Checklist of preferred objection handling

  1. With the move to the cloud, they are uncomfortable with any situation that assumes the cloud provider will handle their fail-over.

    Using ASR CI will be able to handle all of their own DR. They will be using familiar tools with the Azure Portal and Hyper-V.

  2. They have many systems that need to be accounted for, and they aren’t sure if the tools really exist to give them the business continuity they desire.

    There are BCDR tools built into the all of the different application classification they have at CI, including Linux.

  3. They want to know their BCDR solution is secure.

    All of the traffic and data used for all Azure BCDR features is secured both at rest and in-transit. As a result, there is no difference in this data and any other data that is running or stored in Azure.

  4. They have heavily invested in a third-party backup solution but want to use Azure as their archive. Does Azure support this?

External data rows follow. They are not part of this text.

lemma height_step:
  fixes p :: "complex poly" and q :: "complex poly poly"
  assumes p1: "lead_coeff p = 1" and q1: "1 \<le> degree q" and b1: "lead_coeff (lead_coeff q) = 1"
    and pq: "degree q < degree p"
    and al: "alpha_exp (degree p) q = real (degree (lead_coeff q)) / (real (degree p) - real (degree q))"
  shows "\<exists>R C. \<forall>a b. R \<le> norm a \<longrightarrow>
           \<bar>escape_height (alpha_exp (degree p) q) (skew p q (a, b))
             - degree q * escape_height (alpha_exp (degree p) q) (a, b)\<bar> \<le> C"
proof -
  define \<delta> d \<gamma> A where "\<delta> = degree p" and "d = degree q" and "\<gamma> = degree (lead_coeff q)"
    and "A = alpha_exp (degree p) q"
  have A0: "0 \<le> A" and gam: "real \<gamma> = real (\<delta> - d) * A"
    using al pq by (simp_all add: A_def \<delta>_def d_def \<gamma>_def of_nat_diff)
  define u where "u = (2::real) powr A"
  have u: "1 \<le> u" unfolding u_def using A0 by (simp add: ge_one_powr_ge_zero)
  obtain Rp where Rp: "\<And>z. Rp \<le> norm z \<Longrightarrow>
      norm z ^ \<delta> / 2 \<le> norm (poly p z) \<and> norm (poly p z) \<le> 2 * norm z ^ \<delta>"
    using monic_poly_norm_comparable[OF p1] unfolding \<delta>_def by blast
  obtain Rb where Rb: "Rb \<ge> 1" "\<And>z. Rb \<le> norm z \<Longrightarrow> norm z ^ \<gamma> / 2 \<le> norm (poly (lead_coeff q) z)"
    using monic_poly_norm_comparable[OF b1] unfolding \<gamma>_def by blast
  obtain K where K: "K \<ge> 0" "\<And>z m. 1 \<le> norm z \<Longrightarrow> m \<le> d \<Longrightarrow>
      norm (poly (coeff q m) z) \<le> K * (norm z powr A) ^ (\<delta> - m)"
    using coeff_norm_bound[of q \<delta>] pq A0 unfolding A_def d_def \<delta>_def by blast
  obtain C where C: "\<And>r x. 0 \<le> r \<Longrightarrow> 0 \<le> x \<Longrightarrow> x \<le> u * K * (\<Sum>m\<le>d. r ^ m) \<Longrightarrow>
      (r ^ d / 2 - K * (\<Sum>m<d. r ^ m)) / u \<le> x \<Longrightarrow> \<bar>logplus x - d * logplus r\<bar> \<le> C"
    using logplus_comparison[OF _ K(1) u, of d] q1 unfolding d_def by blast
  have "\<bar>escape_height A (skew p q (a, b)) - d * escape_height A (a, b)\<bar> \<le> C"
    if a: "max Rp Rb \<le> norm a" for a b
  proof -
    define t r where "t = norm a powr A" and "r = norm b / t"
    have Z0: "norm a > 0" using a Rb(1) by linarith
    have t0: "t > 0" unfolding t_def using Z0 by simp
    have pa: "norm a ^ \<delta> / 2 \<le> norm (poly p a)" "norm (poly p a) \<le> 2 * norm a ^ \<delta>"
      using Rp[of a] a by auto
    have P: "t ^ \<delta> / u \<le> norm (poly p a) powr A" "norm (poly p a) powr A \<le> u * t ^ \<delta>"
      using powr_comparable[OF Z0 A0 pa] unfolding t_def u_def by auto
    have coeffs: "\<And>m. m \<le> degree q \<Longrightarrow> norm (poly (coeff q m) a) \<le> K * t ^ (\<delta> - m)"
      using K(2)[of a] a Rb(1) unfolding t_def d_def by auto
    have "t ^ (\<delta> - d) = norm a powr real \<gamma>"
      using Z0 gam by (simp add: t_def powr_power mult.commute)
    also have "\<dots> = norm a ^ \<gamma>" using Z0 by (rule powr_realpow)
    finally have "t ^ (\<delta> - d) = norm a ^ \<gamma>" .
    then have lead: "t ^ (\<delta> - degree q) / 2 \<le> norm (poly (lead_coeff q) a)"
      using Rb(2)[of a] a unfolding d_def by auto
    have dq: "degree q \<le> \<delta>" using pq by (simp add: \<delta>_def)
    have Qup: "norm (qeval q a b) \<le> t ^ \<delta> * (K * (\<Sum>m\<le>d. r ^ m))"
      using qeval_norm_upper[OF t0 dq coeffs, of b] by (simp add: d_def r_def mult_ac)
    have Qlow: "t ^ \<delta> * (r ^ d / 2 - K * (\<Sum>m<d. r ^ m)) \<le> norm (qeval q a b)"
      using qeval_norm_lower[OF t0 dq coeffs lead, of b] by (simp add: d_def r_def)
    have "0 < t ^ \<delta>" "0 < u" using t0 u by auto
    note quotient = quotient_bounds[OF this norm_ge_zero P Qup Qlow]
    have "0 \<le> r" unfolding r_def using t0 by simp
    then have "\<bar>logplus (norm (qeval q a b) / norm (poly p a) powr A) - d * logplus r\<bar> \<le> C"
      using C[OF _ divide_nonneg_nonneg[OF norm_ge_zero powr_ge_zero]] quotient
      by (simp add: mult.assoc)
    moreover have "escape_height A (skew p q (a, b)) = logplus (norm (qeval q a b) / norm (poly p a) powr A)"
      by (simp add: escape_height_def skew_def)
    moreover have "escape_height A (a, b) = logplus r"
      by (simp add: escape_height_def r_def t_def)
    ultimately show ?thesis by simp
  qed
  then show ?thesis unfolding A_def d_def by blast
qed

    Azure has support for third-party backup providers through the Azure Marketplace. It’s possible to both backup VMs using these tools by deploying them to Azure IaaS or by extending the backup infrastructure to use the Azure cloud as an archive target.

Customer quote (to be read back to the attendees at the end)

“Azure has BCDR built into each classification of application that we have here at Contoso Insurance. This depth and breadth will allow us to meet both our business needs and regulatory requirements for our applications. Not to mention ensuring our agents are able to help our customers in their time of need.”

  • Liz Simmons, VP of data centers